This course is a basic compulsory course for undergraduates majored in agriculture, forestry, animal science (medicine), food science, gardening (art), biological science, environmental science and related sciences in colleges and universities of agricultural and forestry.
The course content can be divided into two parts. The first part is basic chemical principles including solution and colloid, thermochemistry, chemical kinetics, chemical equilibria (including acid-base equilibrium, solubility-precipitation equilibrium, coordination equilibrium and redox reactions) as well as the structure of matter including atomic structure, molecular structure and coordination compound structure and so on. The second part is analytical chemistry mainly including titrimetric analysis (that is the four titrations including acid-base titration, precipitation titration, complexometric titration and redox titration), potential analysis as well as absorbance photometric analysis.
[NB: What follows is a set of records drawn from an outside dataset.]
definition bessel_polynomial :: "nat \<Rightarrow> complex poly" where
  "bessel_polynomial n = (\<Sum>k\<le>n. monom (of_real (bessel_coeff n k)) k)"

lemma coeff_bessel_polynomial: "coeff (bessel_polynomial n) k = of_real (bessel_coeff n k)"
  by (simp add: bessel_polynomial_def coeff_sum bessel_coeff_def)

lemma poly_bessel_polynomial: "poly (bessel_polynomial n) z = bessel_poly n z"
  unfolding bessel_polynomial_def bessel_poly_def
  by (auto simp: poly_sum poly_monom bessel_coeff_def atMost_atLeast0 power_divide intro!: sum.cong)

lemma degree_bessel_polynomial: "degree (bessel_polynomial n) = n"
  by (intro antisym degree_le le_degree)
     (auto simp: coeff_bessel_polynomial bessel_coeff_def)

lemma poly_bessel_polynomial_0: "poly (bessel_polynomial n) 0 = 1"
  by (simp add: poly_0_coeff_0 coeff_bessel_polynomial bessel_coeff_def)

text \<open>The \<open>k\<close>-fold derivative of the Bessel equation \<open>z^2 y'' + (2z + 2) y' = n(n+1) y\<close>,
  as an operator applied to \<open>y^(k)\<close>.\<close>
definition bessel_ode_op :: "nat \<Rightarrow> nat \<Rightarrow> complex poly \<Rightarrow> complex poly" where
  "bessel_ode_op n k A = monom 1 2 * pderiv (pderiv A) + [:2, 2 * of_nat (k + 1):] * pderiv A
      + smult (of_nat (k * (k + 1)) - of_nat (n * (n + 1))) A"

lemma coeff_bessel_ode_op:
  "coeff (bessel_ode_op n k A) m =
     (of_nat (m * (m + 1)) + 2 * of_nat (k * m) + of_nat (k * (k + 1)) - of_nat (n * (n + 1))) * coeff A m
     + 2 * of_nat (Suc m) * coeff A (Suc m)"
proof (cases m)
  case 0
  then show ?thesis by (simp add: bessel_ode_op_def coeff_pderiv coeff_monom_mult)
next
  case (Suc i)
  have "coeff (monom 1 2 * pderiv (pderiv A)) m = of_nat (i * Suc i) * coeff A m"
    by (cases i) (simp_all add: Suc coeff_pderiv coeff_monom_mult numeral_2_eq_2, simp add: algebra_simps)
  then show ?thesis by (simp add: bessel_ode_op_def Suc coeff_pderiv) (simp add: algebra_simps)
qed

lemma bessel_ode_op_bessel_polynomial: "bessel_ode_op n 0 (bessel_polynomial n) = 0"
proof (rule poly_eqI)
  fix m
  have "2 * of_nat (Suc m) * coeff (bessel_polynomial n) (Suc m)
        = (of_nat (n * (n + 1)) - of_nat (m * (m + 1))) * coeff (bessel_polynomial n) m"
    using arg_cong[OF bessel_coeff_Suc[of m n], of complex_of_real]
    by (simp add: coeff_bessel_polynomial)
  then show "coeff (bessel_ode_op n 0 (bessel_polynomial n)) m = coeff 0 m"
    by (simp add: coeff_bessel_ode_op algebra_simps)
qed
This course plays an important role in strengthening and broadening undergraduates' knowledge and ability structure. This course is also a must foundation of successive courses. Therefore, this course is often one of the debut courses for the new freshmen in colleges and universities.
1. Learning the basic concepts and theoretical knowledge concerning chemistry principles and analytical chemistry that will be applied within the context of a variety of chemistry related applications.
2. Developing students' qualitative and quantitative problem-solving skills and learning to solve the actual chemistry related application problems.
3. Learning the attitudes and practices of those famous chemical scientists including logic, precision, experimentation, tentativeness, and objectivity.
4. Understand the development process and law of inorganic chemistry and analytical chemistry theory.
Master some knowledge about chemistry at middle school.
1. Inorganic Chemistry. D. F. Shriver,P. W. Atkins. Oxford University Press . 2001.
2. Linus pauling. General Chemistry,prentice hall, 1970.
3. P. W. Atkins and J. A. Beran. General Chemistry, 2nd Ed. Scientific American Books, 1992.
4. Modern Analytical Chemistry, David Harvey, DePauw University, International Edition 2000.